Update and Release Trust
Production delivery uses managed OmniSight services and signed artifact storage.
OmniSight provides:
- account/server-aware update visibility
- private artifact catalog
- short-lived download sessions
- rollout metadata
- update telemetry
TUF-style metadata verification is supported in source through the update TUF settings. Native update apply runs through administrator-approved macOS service control for system LaunchDaemon installs.
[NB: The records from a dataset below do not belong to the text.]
lemma sum_snd_fibre:
  fixes g :: "'a::finite \<times> 'b::finite \<Rightarrow> real"
  shows "(\<Sum>v\<in>{v. snd v = c}. g v) = (\<Sum>a\<in>UNIV. g (a, c))"
proof -
  have "{v. snd v = c} = (\<lambda>a. (a, c)) ` UNIV"
    by auto
  then have "(\<Sum>v\<in>{v. snd v = c}. g v) = sum g ((\<lambda>a. (a, c)) ` UNIV)"
    by (rule arg_cong)
  also have "\<dots> = sum (g \<circ> (\<lambda>a. (a, c))) UNIV"
    by (rule sum.reindex) (auto simp: inj_on_def)
  finally show ?thesis
    by (simp add: o_def)
qed

definition pair_kernel ::
  "('a::order \<Rightarrow> 'a \<Rightarrow> real) \<Rightarrow> ('a \<Rightarrow> 'a \<Rightarrow> 'a \<times> 'a \<Rightarrow> real) \<Rightarrow> 'a \<times> 'a \<Rightarrow> 'a \<times> 'a \<Rightarrow> real" where
  "pair_kernel M C u v =
     (if fst u \<le> snd u then C (fst u) (snd u) v else M (fst u) (fst v) * M (snd u) (snd v))"

context
  fixes M :: "'a::{order,finite} \<Rightarrow> 'a \<Rightarrow> real" and C :: "'a \<Rightarrow> 'a \<Rightarrow> 'a \<times> 'a \<Rightarrow> real"
  assumes M: "stochastic M" and C: "\<And>w z. w \<le> z \<Longrightarrow> monotone_coupling M w z (C w z)"
begin

lemma lumpable_pair_kernel_fst: "lumpable (pair_kernel M C) fst M"
  unfolding lumpable_def
proof (intro allI)
  fix u :: "'a \<times> 'a" and c
  show "(\<Sum>v\<in>{v. fst v = c}. pair_kernel M C u v) = M (fst u) c"
  proof (cases "fst u \<le> snd u")
    case True
    then show ?thesis
      using C[OF True] by (simp add: pair_kernel_def monotone_coupling_def)
  next
    case False
    then have "(\<Sum>v\<in>{v. fst v = c}. pair_kernel M C u v) = (\<Sum>d\<in>UNIV. M (fst u) c * M (snd u) d)"
      by (simp add: pair_kernel_def sum_fst_fibre)
    then show ?thesis
      by (simp add: sum_distrib_left[symmetric] stochastic_row_sum[OF M])
  qed
qed

lemma lumpable_pair_kernel_snd: "lumpable (pair_kernel M C) snd M"
  unfolding lumpable_def
proof (intro allI)
  fix u :: "'a \<times> 'a" and c
  show "(\<Sum>v\<in>{v. snd v = c}. pair_kernel M C u v) = M (snd u) c"
  proof (cases "fst u \<le> snd u")
    case True
    then show ?thesis
      using C[OF True] by (simp add: pair_kernel_def monotone_coupling_def)
  next
    case False
    then have "(\<Sum>v\<in>{v. snd v = c}. pair_kernel M C u v) = (\<Sum>a\<in>UNIV. M (fst u) a * M (snd u) c)"
      by (simp add: pair_kernel_def sum_snd_fibre)
    then show ?thesis
      by (simp add: sum_distrib_right[symmetric] stochastic_row_sum[OF M])
  qed
qed

lemma stochastic_pair_kernel: "stochastic (pair_kernel M C)"
  unfolding stochastic_def
proof (intro conjI allI)
  show "0 \<le> pair_kernel M C u v" for u v
    using C[of "fst u" "snd u"] stochastic_nonneg[OF M] unfolding pair_kernel_def monotone_coupling_def
    by (cases v) (simp add: mult_nonneg_nonneg)
  show "(\<Sum>v\<in>UNIV. pair_kernel M C u v) = 1" for u
    using sum_over_fibres[where f = fst and g = "pair_kernel M C u"]
    by (simp add: lumpable_pair_kernel_fst[unfolded lumpable_def, rule_format] stochastic_row_sum[OF M])
qed

lemma pair_kernel_preserves_order:
  assumes "fst u \<le> snd u" "0 < pair_kernel M C u v"
  shows "fst v \<le> snd v"
proof (rule ccontr)
  assume "\<not> fst v \<le> snd v"
  then have "C (fst u) (snd u) v = 0"
    using C[OF assms(1)] unfolding monotone_coupling_def by blast
  then show False
    using assms by (simp add: pair_kernel_def)
qed

lemma dt_stoch_monotoneI: "dt_stoch_monotone M"
  unfolding dt_stoch_monotone_def
proof (intro allI impI exI conjI)
  fix w z :: 'a
  assume "w \<le> z"
  show "stochastic (pair_kernel M C)"
    by (rule stochastic_pair_kernel)
  show "image_markov (mpow (pair_kernel M C)) (w, z) fst (\<lambda>_. True) (mpow M) w"
    using image_markov_lumpable[where adm = "\<lambda>_. True" and u = "(w, z)",
        OF lumpable_mpow[OF lumpable_pair_kernel_fst]]
    by simp
  show "image_markov (mpow (pair_kernel M C)) (w, z) snd (\<lambda>_. True) (mpow M) z"
    using image_markov_lumpable[where adm = "\<lambda>_. True" and u = "(w, z)",
        OF lumpable_mpow[OF lumpable_pair_kernel_snd]]
    by simp
  show "as_always (mpow (pair_kernel M C)) (w, z) (\<lambda>_. True) (\<lambda>(a, b). a \<le> b)"
    unfolding as_always_def
  proof (intro allI impI)
    fix n v
    assume pos: "0 < mpow (pair_kernel M C) n (w, z) v"
    have "fst v \<le> snd v"
    proof (rule mpow_preserves_invariant[where Inv = "\<lambda>u. fst u \<le> snd u" and A = "pair_kernel M C"])
      show "fst v' \<le> snd v'" if "fst u \<le> snd u" "0 < pair_kernel M C u v'" for u v'
        using that by (rule pair_kernel_preserves_order)
      show "fst (w, z) \<le> snd (w, z)"
        using \<open>w \<le> z\<close> by simp
    qed (use stochastic_pair_kernel pos in simp_all)
    then show "case v of (a, b) \<Rightarrow> a \<le> b"
      by (simp add: case_prod_beta)
  qed
qed

end

lemma dt_realizably_monotone_random_map:
  fixes M :: "'a::{order,finite} \<Rightarrow> 'a \<Rightarrow> real"
  assumes "dt_realizably_monotone M"
  obtains \<mu> where "\<And>\<xi>. 0 \<le> \<mu> \<xi>" "(\<Sum>\<xi>\<in>UNIV. \<mu> \<xi>) = 1"
    "\<And>z y. (\<Sum>\<xi>\<in>{\<xi>. \<xi> z = y}. \<mu> \<xi>) = M z y" "\<And>\<xi>. 0 < \<mu> \<xi> \<Longrightarrow> mono \<xi>"
proof -
  obtain K :: "('a \<Rightarrow> 'a) \<Rightarrow> ('a \<Rightarrow> 'a) \<Rightarrow> real" where K: "stochastic K"
    and image: "\<And>z. image_markov (mpow K) id (\<lambda>\<xi>. \<xi> z) (\<lambda>_. True) (mpow M) z"
    and always: "as_always (mpow K) id (\<lambda>_. True) mono"
    using assms unfolding dt_realizably_monotone_def by blast
  show ?thesis
  proof
    show "0 \<le> K id \<xi>" "(\<Sum>\<xi>\<in>UNIV. K id \<xi>) = 1" for \<xi>
      using K by (simp_all add: stochastic_nonneg stochastic_row_sum)
    show "(\<Sum>\<xi>\<in>{\<xi>. \<xi> z = y}. K id \<xi>) = M z y" for z y
      using image_markov_fibre_sum[OF image[of z], of "Suc 0" y] by (simp only: mpow_1)
    show "mono \<xi>" if "0 < K id \<xi>" for \<xi>
      using always that unfolding as_always_def by (metis mpow_1)
  qed
qed

definition compose_kernel :: "(('a \<Rightarrow> 'a) \<Rightarrow> real) \<Rightarrow> ('a \<Rightarrow> 'a) \<Rightarrow> ('a \<Rightarrow> 'a) \<Rightarrow> real" where
  "compose_kernel \<mu> \<eta> \<xi> = (\<Sum>\<zeta>\<in>{\<zeta>. \<zeta> \<circ> \<eta> = \<xi>}. \<mu> \<zeta>)"

lemma stochastic_compose_kernel:
  fixes \<mu> :: "('a::finite \<Rightarrow> 'a) \<Rightarrow> real"
  assumes "\<And>\<xi>. 0 \<le> \<mu> \<xi>" "(\<Sum>\<xi>\<in>UNIV. \<mu> \<xi>) = 1"
  shows "stochastic (compose_kernel \<mu>)"
  unfolding stochastic_def compose_kernel_def
proof (intro conjI allI)
  show "0 \<le> (\<Sum>\<zeta>\<in>{\<zeta>. \<zeta> \<circ> \<eta> = \<xi>}. \<mu> \<zeta>)" for \<eta> \<xi>
    using assms(1) by (simp add: sum_nonneg)
  show "(\<Sum>\<xi>\<in>UNIV. \<Sum>\<zeta>\<in>{\<zeta>. \<zeta> \<circ> \<eta> = \<xi>}. \<mu> \<zeta>) = 1" for \<eta> :: "'a \<Rightarrow> 'a"
    using sum_over_fibres[where f = "\<lambda>\<zeta>. \<zeta> \<circ> \<eta>" and g = \<mu>] assms(2) by simp
qed

lemma lumpable_compose_kernel:
  fixes \<mu> :: "('a::finite \<Rightarrow> 'a) \<Rightarrow> real"
  assumes marginal: "\<And>z y. (\<Sum>\<xi>\<in>{\<xi>. \<xi> z = y}. \<mu> \<xi>) = M z y"
  shows "lumpable (compose_kernel \<mu>) (\<lambda>\<xi>. \<xi> z) M"
  unfolding lumpable_def
proof (intro allI)
  fix \<eta> :: "'a \<Rightarrow> 'a" and y
  have "(\<Sum>\<xi>\<in>{\<xi>. \<xi> z = y}. compose_kernel \<mu> \<eta> \<xi>)
      = (\<Sum>\<xi>\<in>{\<xi>. \<xi> z = y}. sum \<mu> {\<zeta> \<in> {\<zeta>. \<zeta> (\<eta> z) = y}. \<zeta> \<circ> \<eta> = \<xi>})"
    unfolding compose_kernel_def by (intro sum.cong refl arg_cong[where f="sum \<mu>"]) auto
  also have "\<dots> = sum \<mu> {\<zeta>. \<zeta> (\<eta> z) = y}"
    by (rule sum.group) auto
  finally show "(\<Sum>\<xi>\<in>{\<xi>. \<xi> z = y}. compose_kernel \<mu> \<eta> \<xi>) = M (\<eta> z) y"
    by (simp add: marginal)
qed

lemma compose_kernel_preserves_mono:
  fixes \<mu> :: "('a::order \<Rightarrow> 'a) \<Rightarrow> real"
  assumes "\<And>\<zeta>. 0 < \<mu> \<zeta> \<Longrightarrow> mono \<zeta>" "mono \<eta>" "0 < compose_kernel \<mu> \<eta> \<xi>"
  shows "mono \<xi>"
proof -
  obtain \<zeta> where "\<zeta> \<circ> \<eta> = \<xi>" "0 < \<mu> \<zeta>"
    using sum_pos_imp_ex_pos[of \<mu>] assms(3) unfolding compose_kernel_def by blast
  then show ?thesis
    using assms(1,2) by (auto simp: mono_def)
qed

text \<open>Apply the random monotone maps realizing \<open>M\<close> at the jump times of a Poisson process
  of rate \<open>1 / h\<close>.\<close>
lemma ct_realizably_monotone_poisson_semigroup:
  fixes M :: "'a::{order,finite} \<Rightarrow> 'a \<Rightarrow> real"
  assumes M: "stochastic M" "dt_realizably_monotone M" and h: "0 < h"
    and P: "\<And>t. 0 \<le> t \<Longrightarrow> P t = poisson_semigroup M (t / h)"
  shows "ct_realizably_monotone P"
proof -
  obtain \<mu> where \<mu>: "\<And>\<xi>. 0 \<le> \<mu> \<xi>" "(\<Sum>\<xi>\<in>UNIV. \<mu> \<xi>) = 1"
    "\<And>z y. (\<Sum>\<xi>\<in>{\<xi>. \<xi> z = y}. \<mu> \<xi>) = M z y" "\<And>\<xi>. 0 < \<mu> \<xi> \<Longrightarrow> mono \<xi>"
    using dt_realizably_monotone_random_map[OF M(2)] by blast
  define K where "K = compose_kernel \<mu>"
  have K: "stochastic K"
    unfolding K_def by (rule stochastic_compose_kernel[OF \<mu>(1,2)])
  have "lumpable (poisson_semigroup K (t / h)) (\<lambda>\<xi>. \<xi> z) (P t)" if "0 \<le> t" for t z
    using lumpable_poisson_semigroup[OF K lumpable_compose_kernel[OF \<mu>(3), folded K_def]
        divide_nonneg_pos[OF that h]] P[OF that]
    by simp
  then have "image_markov (\<lambda>t. poisson_semigroup K (t / h)) id (\<lambda>\<xi>. \<xi> z) (\<lambda>t. 0 \<le> t) P z" for z
    using image_markov_lumpable[of "\<lambda>t. 0 \<le> t" "\<lambda>t. poisson_semigroup K (t / h)" "\<lambda>\<xi>. \<xi> z" P id]
    by simp
  moreover have "mono \<xi>" if pos: "0 < poisson_semigroup K (t / h) id \<xi>" for t \<xi>
  proof -
    obtain n where "0 < mpow K n id \<xi>"
      using poisson_semigroup_pos_imp_mpow_pos[OF K pos] by blast
    then show ?thesis
    proof (rule mpow_preserves_invariant[where Inv = mono and A = K, rotated 3])
      show "mono \<xi>'" if "mono \<eta>" "0 < K \<eta> \<xi>'" for \<eta> \<xi>'
        using compose_kernel_preserves_mono[OF \<mu>(4)] that unfolding K_def by blast
    qed (use K in \<open>simp_all add: mono_def\<close>)
  qed
  ultimately show ?thesis
    unfolding ct_realizably_monotone_def as_always_def
    using markov_semigroup_poisson_semigroup[OF K h] by blast
qed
The local menubar relay requires a bearer token and only accepts update wrapper scripts from OmniSight's managed update directory.
Audit Trail
Audit logs record:
- authentication success/failure/logout/refresh
- user creation, deletion, permission changes, password changes
- deploy token generation and denial
- agent install session creation/revocation
- enrollment success/denial
- entitlement refreshes
- update apply actions
- alert evaluation, rule changes, status/verdict updates, notes, and assignment changes
- remote terminal request/approval/start/close/kill-requested
Audit rows include timestamp, actor, action, resource type/id, status, source IP, and details.
Agent Security Boundaries
| Boundary | Guarantee |
|---|---|
| No payload capture | Only connection metadata is collected |
| No TLS interception | No MITM, SSL bumping, or certificate spoofing |
| No traffic modification | The agent observes, it does not redirect or inject |
| Secure transport | Agent data uses HTTPS with certificate validation |
| Config protection | Token-bearing config files use restrictive permissions |
| Root shell guard | Remote terminal refuses unsafe root-shell defaults |
| Update relay guard | Local update approval relay requires a bearer token and wrapper path allowlist |
| Alert ownership | Assignment changes are permission-checked and audited |
| CVE privacy | Vulnerability matching uses package metadata only; raw CVE detail shows public NVD metadata, not endpoint files or payloads |
| System metrics privacy | Host metrics are aggregate numeric values only, not command lines, per-connection tuples, ports, destinations, payloads, or secrets |
| DNS protocol metadata privacy | Optional Linux DNS visibility parses bounded DNS traffic in memory and keeps query metadata only (name, type, response code, answer count); raw packet bytes are never stored, logged, or transmitted |
| Notification privacy | Email and webhook notifications carry bounded alert metadata only; no raw events, payloads, tokens, or secrets |
| Public site boundary | Public website assets do not contain secrets, artifact policy, or entitlement decision logic |
Production Hardening Checklist
- Keep
SECRET_KEY,ENROLLMENT_SECRET, and license keys out of chat, logs, commits, and screenshots. - Use the package-specific installer workspace instead of public static artifact links.
- Restrict network access to the self-hosted server.
- Assign least-privilege RBAC capabilities.
- Review audit logs after administrative and remote terminal activity.
- Keep update/entitlement checks enabled.
- Use explicit CA PEM delivery for local/LAN agent trust.
- Back up local data,
.env, TLS cert/key, and installer metadata. - Keep debug mode disabled in production.